WHAT IS NEEDED:
From the entries below, gather each line containing the word "hyps".

SUPPLIED ENTRIES:
+--

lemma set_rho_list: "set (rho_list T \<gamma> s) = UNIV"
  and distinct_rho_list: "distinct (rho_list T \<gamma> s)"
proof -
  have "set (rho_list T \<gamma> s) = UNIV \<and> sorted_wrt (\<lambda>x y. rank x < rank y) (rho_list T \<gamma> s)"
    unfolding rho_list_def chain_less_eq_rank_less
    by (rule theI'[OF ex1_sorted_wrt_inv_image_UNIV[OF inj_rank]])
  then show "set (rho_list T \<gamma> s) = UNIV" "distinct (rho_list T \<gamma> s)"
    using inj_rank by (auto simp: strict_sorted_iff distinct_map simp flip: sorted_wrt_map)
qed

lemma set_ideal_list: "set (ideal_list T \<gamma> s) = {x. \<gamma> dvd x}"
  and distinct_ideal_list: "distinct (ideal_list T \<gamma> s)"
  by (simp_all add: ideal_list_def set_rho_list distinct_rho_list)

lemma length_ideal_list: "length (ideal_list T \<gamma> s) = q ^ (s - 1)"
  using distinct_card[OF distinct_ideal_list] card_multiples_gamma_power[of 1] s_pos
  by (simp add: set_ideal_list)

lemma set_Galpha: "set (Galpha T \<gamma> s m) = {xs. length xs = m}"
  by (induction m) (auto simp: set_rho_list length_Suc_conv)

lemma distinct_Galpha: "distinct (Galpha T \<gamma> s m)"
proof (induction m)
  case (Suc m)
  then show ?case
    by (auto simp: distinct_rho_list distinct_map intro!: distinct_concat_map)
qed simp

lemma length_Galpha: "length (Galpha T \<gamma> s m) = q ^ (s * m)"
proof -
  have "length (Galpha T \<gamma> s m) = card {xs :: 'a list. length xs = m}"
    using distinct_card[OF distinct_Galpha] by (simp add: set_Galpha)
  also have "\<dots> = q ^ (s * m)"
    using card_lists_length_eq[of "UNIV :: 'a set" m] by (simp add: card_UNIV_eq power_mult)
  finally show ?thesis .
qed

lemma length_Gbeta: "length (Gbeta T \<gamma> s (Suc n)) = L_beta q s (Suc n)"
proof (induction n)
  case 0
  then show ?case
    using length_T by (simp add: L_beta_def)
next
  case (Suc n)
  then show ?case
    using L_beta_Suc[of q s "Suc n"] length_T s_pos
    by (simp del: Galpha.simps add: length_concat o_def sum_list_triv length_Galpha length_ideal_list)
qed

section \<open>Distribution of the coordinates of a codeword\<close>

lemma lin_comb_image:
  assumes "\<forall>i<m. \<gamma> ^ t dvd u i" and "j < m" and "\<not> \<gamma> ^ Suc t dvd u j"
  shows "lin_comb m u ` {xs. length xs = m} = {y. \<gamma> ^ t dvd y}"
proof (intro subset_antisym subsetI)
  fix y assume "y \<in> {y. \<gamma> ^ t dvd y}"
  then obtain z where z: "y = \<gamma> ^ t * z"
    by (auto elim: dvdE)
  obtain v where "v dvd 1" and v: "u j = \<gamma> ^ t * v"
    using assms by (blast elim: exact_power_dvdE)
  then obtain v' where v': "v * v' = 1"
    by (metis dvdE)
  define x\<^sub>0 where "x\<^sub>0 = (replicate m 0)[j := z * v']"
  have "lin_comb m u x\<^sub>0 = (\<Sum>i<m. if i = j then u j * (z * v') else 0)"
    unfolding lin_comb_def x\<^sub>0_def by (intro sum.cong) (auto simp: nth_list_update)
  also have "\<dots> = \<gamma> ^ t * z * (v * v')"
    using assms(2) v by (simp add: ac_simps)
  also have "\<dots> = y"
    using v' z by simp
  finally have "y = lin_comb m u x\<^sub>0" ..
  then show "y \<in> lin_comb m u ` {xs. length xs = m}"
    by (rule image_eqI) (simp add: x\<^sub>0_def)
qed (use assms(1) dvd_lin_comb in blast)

+--

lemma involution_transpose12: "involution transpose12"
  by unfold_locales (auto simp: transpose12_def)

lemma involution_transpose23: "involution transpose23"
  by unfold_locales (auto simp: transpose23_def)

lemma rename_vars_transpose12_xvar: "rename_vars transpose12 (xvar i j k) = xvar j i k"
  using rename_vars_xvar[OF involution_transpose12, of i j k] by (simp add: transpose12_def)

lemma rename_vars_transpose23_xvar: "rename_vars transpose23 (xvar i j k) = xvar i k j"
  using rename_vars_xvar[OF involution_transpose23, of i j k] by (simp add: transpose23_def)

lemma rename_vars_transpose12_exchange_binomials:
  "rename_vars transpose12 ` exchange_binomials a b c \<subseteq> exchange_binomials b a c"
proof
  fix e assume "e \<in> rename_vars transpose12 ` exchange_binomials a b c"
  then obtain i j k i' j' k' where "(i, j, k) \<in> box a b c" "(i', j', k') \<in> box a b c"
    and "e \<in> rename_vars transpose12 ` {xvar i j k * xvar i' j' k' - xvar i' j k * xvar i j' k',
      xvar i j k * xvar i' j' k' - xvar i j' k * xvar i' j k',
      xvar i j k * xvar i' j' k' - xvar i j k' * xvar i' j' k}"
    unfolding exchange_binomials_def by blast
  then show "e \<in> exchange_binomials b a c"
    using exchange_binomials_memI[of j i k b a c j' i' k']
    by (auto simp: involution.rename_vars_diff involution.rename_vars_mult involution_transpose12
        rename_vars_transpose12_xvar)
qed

+--

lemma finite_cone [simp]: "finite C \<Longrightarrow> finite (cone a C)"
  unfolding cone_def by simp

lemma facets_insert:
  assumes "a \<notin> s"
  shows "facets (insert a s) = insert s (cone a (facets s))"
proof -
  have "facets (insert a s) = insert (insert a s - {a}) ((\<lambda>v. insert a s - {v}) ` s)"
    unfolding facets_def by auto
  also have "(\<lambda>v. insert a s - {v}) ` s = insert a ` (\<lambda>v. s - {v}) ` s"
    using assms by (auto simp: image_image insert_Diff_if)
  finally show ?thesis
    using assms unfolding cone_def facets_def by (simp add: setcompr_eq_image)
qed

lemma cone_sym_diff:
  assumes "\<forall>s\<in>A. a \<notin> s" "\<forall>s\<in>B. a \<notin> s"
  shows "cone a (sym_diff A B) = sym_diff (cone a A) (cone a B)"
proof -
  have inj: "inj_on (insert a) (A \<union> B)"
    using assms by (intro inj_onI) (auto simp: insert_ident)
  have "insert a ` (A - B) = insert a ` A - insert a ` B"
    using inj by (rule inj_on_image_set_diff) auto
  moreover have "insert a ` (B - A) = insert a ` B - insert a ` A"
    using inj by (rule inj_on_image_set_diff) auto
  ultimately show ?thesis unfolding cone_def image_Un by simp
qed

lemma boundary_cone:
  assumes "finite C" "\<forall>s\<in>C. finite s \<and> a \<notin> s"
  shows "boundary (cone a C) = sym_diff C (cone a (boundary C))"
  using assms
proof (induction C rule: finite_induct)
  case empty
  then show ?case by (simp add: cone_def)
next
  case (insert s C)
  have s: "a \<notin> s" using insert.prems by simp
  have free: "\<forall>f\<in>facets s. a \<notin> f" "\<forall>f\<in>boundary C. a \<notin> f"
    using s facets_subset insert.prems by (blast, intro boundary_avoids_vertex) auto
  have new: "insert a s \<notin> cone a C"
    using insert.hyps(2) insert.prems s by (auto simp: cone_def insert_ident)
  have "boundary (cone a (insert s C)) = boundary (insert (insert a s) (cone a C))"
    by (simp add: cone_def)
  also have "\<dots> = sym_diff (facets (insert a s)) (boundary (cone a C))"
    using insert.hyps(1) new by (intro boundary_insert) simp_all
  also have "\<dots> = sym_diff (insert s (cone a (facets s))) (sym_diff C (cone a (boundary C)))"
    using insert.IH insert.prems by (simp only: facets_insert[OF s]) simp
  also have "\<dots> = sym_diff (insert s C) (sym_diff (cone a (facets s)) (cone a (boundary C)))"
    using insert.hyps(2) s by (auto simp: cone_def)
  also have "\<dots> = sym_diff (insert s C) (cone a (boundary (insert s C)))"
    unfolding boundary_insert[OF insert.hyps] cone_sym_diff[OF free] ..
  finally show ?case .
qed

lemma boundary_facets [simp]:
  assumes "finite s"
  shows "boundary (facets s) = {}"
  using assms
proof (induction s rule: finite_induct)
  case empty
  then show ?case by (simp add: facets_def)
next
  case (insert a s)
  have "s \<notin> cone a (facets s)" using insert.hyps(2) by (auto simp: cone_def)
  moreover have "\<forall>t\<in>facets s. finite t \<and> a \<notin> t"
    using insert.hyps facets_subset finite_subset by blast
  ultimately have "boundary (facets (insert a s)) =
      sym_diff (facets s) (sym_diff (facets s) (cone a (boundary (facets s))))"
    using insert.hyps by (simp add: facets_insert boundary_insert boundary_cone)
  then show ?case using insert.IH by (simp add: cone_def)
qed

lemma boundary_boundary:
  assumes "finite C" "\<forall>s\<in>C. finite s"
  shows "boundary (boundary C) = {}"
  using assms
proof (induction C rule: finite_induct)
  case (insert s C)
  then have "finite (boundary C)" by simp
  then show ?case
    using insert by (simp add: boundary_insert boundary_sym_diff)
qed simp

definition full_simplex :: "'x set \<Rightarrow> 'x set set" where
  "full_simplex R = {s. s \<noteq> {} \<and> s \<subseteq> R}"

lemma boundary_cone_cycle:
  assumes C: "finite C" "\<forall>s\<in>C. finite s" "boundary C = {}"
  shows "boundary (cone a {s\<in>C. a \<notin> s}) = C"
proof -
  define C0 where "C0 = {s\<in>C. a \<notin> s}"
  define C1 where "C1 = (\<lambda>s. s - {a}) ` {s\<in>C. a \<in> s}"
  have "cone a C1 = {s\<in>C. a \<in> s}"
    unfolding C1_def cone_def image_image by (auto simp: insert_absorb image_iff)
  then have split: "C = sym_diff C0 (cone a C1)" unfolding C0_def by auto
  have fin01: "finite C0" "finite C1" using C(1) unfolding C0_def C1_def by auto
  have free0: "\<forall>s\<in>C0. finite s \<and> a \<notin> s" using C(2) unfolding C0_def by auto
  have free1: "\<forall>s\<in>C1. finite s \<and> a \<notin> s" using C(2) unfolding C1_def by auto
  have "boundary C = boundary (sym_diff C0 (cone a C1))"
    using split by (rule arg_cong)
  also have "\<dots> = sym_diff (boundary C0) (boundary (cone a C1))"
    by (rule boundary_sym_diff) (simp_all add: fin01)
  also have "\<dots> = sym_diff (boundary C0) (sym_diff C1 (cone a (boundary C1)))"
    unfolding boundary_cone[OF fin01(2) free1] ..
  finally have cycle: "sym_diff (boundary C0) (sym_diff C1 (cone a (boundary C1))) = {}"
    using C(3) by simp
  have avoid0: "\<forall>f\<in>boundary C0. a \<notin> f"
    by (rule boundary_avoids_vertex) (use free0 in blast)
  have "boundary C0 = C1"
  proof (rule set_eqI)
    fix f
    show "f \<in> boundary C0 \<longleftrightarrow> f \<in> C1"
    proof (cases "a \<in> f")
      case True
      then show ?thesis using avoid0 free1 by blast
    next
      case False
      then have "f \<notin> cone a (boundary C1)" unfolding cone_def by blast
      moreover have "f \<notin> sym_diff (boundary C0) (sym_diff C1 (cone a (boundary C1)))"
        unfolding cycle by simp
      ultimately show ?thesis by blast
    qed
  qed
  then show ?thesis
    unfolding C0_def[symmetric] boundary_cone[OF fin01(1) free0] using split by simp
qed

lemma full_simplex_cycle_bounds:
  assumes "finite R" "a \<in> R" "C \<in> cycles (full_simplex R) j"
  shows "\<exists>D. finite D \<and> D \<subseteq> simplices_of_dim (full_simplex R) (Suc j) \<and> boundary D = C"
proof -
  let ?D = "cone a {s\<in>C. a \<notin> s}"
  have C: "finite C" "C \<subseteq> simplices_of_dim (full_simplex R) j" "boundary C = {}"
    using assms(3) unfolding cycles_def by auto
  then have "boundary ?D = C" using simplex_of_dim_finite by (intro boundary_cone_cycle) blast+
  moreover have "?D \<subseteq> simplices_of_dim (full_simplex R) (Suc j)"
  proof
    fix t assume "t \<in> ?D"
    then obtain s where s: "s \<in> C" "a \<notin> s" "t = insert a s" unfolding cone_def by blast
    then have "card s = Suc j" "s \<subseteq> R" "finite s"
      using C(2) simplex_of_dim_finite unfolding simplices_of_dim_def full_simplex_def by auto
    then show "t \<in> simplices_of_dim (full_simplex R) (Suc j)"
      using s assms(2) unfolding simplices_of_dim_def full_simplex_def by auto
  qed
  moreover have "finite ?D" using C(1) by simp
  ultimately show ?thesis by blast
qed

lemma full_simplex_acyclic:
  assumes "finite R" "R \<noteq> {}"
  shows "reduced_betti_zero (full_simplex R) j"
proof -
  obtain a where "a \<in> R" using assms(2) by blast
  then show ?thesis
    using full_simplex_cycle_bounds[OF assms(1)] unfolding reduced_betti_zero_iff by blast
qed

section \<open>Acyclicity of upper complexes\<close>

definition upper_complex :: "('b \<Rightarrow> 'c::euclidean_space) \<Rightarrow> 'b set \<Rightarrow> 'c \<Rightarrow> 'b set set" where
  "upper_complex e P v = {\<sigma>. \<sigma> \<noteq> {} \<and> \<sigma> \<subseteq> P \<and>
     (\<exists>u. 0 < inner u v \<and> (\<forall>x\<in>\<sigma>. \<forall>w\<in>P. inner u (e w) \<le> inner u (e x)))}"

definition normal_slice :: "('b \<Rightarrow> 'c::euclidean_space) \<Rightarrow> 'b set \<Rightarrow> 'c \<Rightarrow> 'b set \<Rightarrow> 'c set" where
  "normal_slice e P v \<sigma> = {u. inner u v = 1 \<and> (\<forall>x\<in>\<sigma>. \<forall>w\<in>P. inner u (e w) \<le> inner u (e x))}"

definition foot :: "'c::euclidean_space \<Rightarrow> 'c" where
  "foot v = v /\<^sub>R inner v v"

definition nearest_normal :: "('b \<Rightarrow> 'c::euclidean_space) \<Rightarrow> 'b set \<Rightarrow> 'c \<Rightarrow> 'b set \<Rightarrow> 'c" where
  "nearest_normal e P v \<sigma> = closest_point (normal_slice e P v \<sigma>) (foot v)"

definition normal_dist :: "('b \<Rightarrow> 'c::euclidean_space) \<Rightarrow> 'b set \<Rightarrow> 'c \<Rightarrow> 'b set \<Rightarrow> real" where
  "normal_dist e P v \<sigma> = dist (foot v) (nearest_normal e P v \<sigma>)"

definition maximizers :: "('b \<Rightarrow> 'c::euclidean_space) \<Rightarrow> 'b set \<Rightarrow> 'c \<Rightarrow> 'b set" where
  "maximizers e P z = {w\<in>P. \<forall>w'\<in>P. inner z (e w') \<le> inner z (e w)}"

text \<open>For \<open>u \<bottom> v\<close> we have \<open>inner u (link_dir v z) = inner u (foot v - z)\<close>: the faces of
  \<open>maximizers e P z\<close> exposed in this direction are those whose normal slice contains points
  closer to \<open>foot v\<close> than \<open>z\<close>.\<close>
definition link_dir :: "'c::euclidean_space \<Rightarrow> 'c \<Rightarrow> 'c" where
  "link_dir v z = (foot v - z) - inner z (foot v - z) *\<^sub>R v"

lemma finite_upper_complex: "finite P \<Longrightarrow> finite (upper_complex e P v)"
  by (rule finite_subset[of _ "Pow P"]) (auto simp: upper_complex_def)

+--

RESPONSE BOX:
    using insert.hyps(2) insert.prems s by (auto simp: cone_def insert_ident)
    using insert.hyps(1) new by (intro boundary_insert) simp_all
    using insert.hyps(2) s by (auto simp: cone_def)
    unfolding boundary_insert[OF insert.hyps] cone_sym_diff[OF free] ..
  have "s \<notin> cone a (facets s)" using insert.hyps(2) by (auto simp: cone_def)
    using insert.hyps facets_subset finite_subset by blast
    using insert.hyps by (simp add: facets_insert boundary_insert boundary_cone)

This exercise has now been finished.